Ontario MNR gets failing grade – Thunder Bay Chronicle-Journal (October 11, 2013)

Thunder Bay Chronicle-Journal is the daily newspaper of Northwestern Ontario.

WHEN Ontario’s Liberal government considered the mounting budget deficit and how to keep it from further damaging the province’s economy and its regions, it called in an expert. Respected former banker Don Drummond was asked to provide a detailed analysis of government spending and recommendations on how to save money.

The Drummond report became Ontario’s budgetary blueprint going forward, as they say. Now the other shoe has dropped.
Not many Ontario citizens disagreed with the general nature of this independent advice. No department was spared at least a detailed examination and most were ordered to provide minor and not-so-minor scenarios to reduce spending.

Education escaped the knife and some arbitrated contract settlements excepted a general wage freeze. But for the most part tough love was felt government-wide. Ontario would pretty much cut spending across the board and thus responsibly recover from the recession that took such a toll, south to north.
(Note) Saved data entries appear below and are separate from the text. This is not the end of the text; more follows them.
theorem theorem3p1:
  fixes n :: nat and q a :: "'k::field_char_0"
  assumes alg_closed: "\<forall>p :: 'k poly. degree p > 0 \<longrightarrow> (\<exists>x. poly p x = 0)"
    and n_pos: "n \<ge> 1"
    and q_root: "q ^ (2 * n) = 1"
    and q_prim: "\<forall>j. 0 < j \<and> j < 2 * n \<longrightarrow> q ^ j \<noteq> 1"
    and a_nz: "a \<noteq> 0"
  shows
    "let B = wH_basis n; m = wH_mult n q; u = bvec (0, 0);
         Z = bvec (1, 0); X = bvec (0, 1); pw = apow m u
     in is_algebra B m u \<and> Z \<in> vsp B \<and> X \<in> vsp B
      \<comment> \<open>defining relations, and Z^i X^j (i <= 2n, j <= 1) is a basis\<close>
      \<and> pw Z (2 * n + 1) = Z \<and> m Z X = (\<lambda>c. q * m X Z c) \<and> m X X = (\<lambda>c. 0)
      \<and> (\<forall>h\<in>vsp B. h = (\<lambda>c. \<Sum>(i, j)\<in>B. h (i, j) * m (pw Z i) (pw X j) c))
      \<comment> \<open>noncommutative\<close>
      \<and> (\<exists>f\<in>vsp B. \<exists>g\<in>vsp B. m f g \<noteq> m g f)
      \<and> (\<exists>\<Delta> \<epsilon> T. is_weak_hopf B m u \<Delta> \<epsilon> T
          \<and> \<Delta> Z = (\<lambda>p. tprod Z Z p
                 + a * (1 - inverse (q ^ 2)) * tprod (m (pw Z (n + 1)) X) (m Z X) p)
          \<and> \<Delta> X = (\<lambda>p. tprod X u p + tprod (pw Z n) X p)
          \<and> \<epsilon> Z = 1 \<and> \<epsilon> X = 0
          \<and> T Z = pw Z (2 * n - 1) \<and> T X = (\<lambda>c. - m (pw Z n) X c)
          \<and> (\<forall>f\<in>vsp B. \<forall>g\<in>vsp B. T (m f g) = m (T g) (T f)) \<and> T u = u
          \<comment> \<open>noncocommutative\<close>
          \<and> (\<exists>h\<in>vsp B. (\<lambda>(x, y). \<Delta> h (y, x)) \<noteq> \<Delta> h))"
proof -
  interpret wH_param n q a
    using n_pos primitive_root_pow_half[OF n_pos q_root q_prim] by unfold_locales
  have "q \<noteq> 1"
    using q_prim n_pos by auto
  then show ?thesis
    unfolding Let_def
    by (intro conjI ballI exI[of _ "wH_comult n q a"] exI[of _ "wH_counit n"]
          exI[of _ "wH_antipode n q"] wH_is_algebra bvec_in_vsp Z_pow_2n_Suc Z_X_commute X_square
          wH_basis_expansion wH_noncommutative wH_is_weak_hopf comult_Z comult_X counit_Z counit_X
          antipode_Z antipode_X antipode_antihom antipode_unit wH_noncocommutative)
       (use n_pos in auto)
qed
The government thus sought to look like anything but tax-and-spend Liberals. Major hiccups like eHealth, Ornge, cancelled gas plants and Pan Am Games executive salaries (and perhaps the OLG shakeup) did not help the government sell the new image but behind the scenes, the effects of restraint are beginning to be felt. And some Ontarians may be questioning what they asked for.

Northern Ontario has a special relationship with the Ministry of Natural Resources which governs so much of life here, from resource development to parks, fish and wildlife. So when the cuts began to show up, even residents who’d argued for them were alarmed.

Provincial park operations were altered, fees went up and the popular junior ranger program was cut back.

The forest tenure system has been changed, ostensibly to ensure wood allocations are put to best use. The goal is good but in the process, many northerners who supplied existing companies were put out of business and some mill owners continue to have trouble finding wood.

Within the ministry itself, offices were closed and jobs eliminated, including conservation officers who are supposed to police the bush and keep wildlife populations healthy.

Now Ontario’s environmental commissioner Gord Miller has vilified the MNR, accusing it of secrecy in dismantling environmental protections while enabling industrial activities to proceed almost unchecked.

People who found it galling when the federal government hid significant policy changes inside wide-ranging omnibus budget bills will be chagrined to learn Ontario did the same thing, folding the power to give Crown land to companies into the 2012 budget. Normally, environmentally-significant policy changes must be posted on the environmental bill of rights website for public comment to be considered in writing new regulations.

Miller asks why the government would shield from public scrutiny its plan to “allow the cabinet of Ontario, by regulation, to hand responsibility” (for 87 per cent of Ontario’s land) to “any kind of corporate entity . . . to third parties over which we have no control.” Miller called it “profound change on the highest level.”

Cuts to regulations, staff and programs at the MNR are “short-sighted and regressive” and pose significant ecological risks, Miller said. It could have “disastrous results” for Ontario’s natural heritage and disrupt the way of life in the North.

Even as the province continues to debate the wisdom of a spring bear hunt, Miller warns that hunting safeguards are being weakened as are those for provincial parks which he said are being turned into revenue streams.

Ontarians expect a responsible approach to economic challenge but this is not what Northerners expect of their MNR.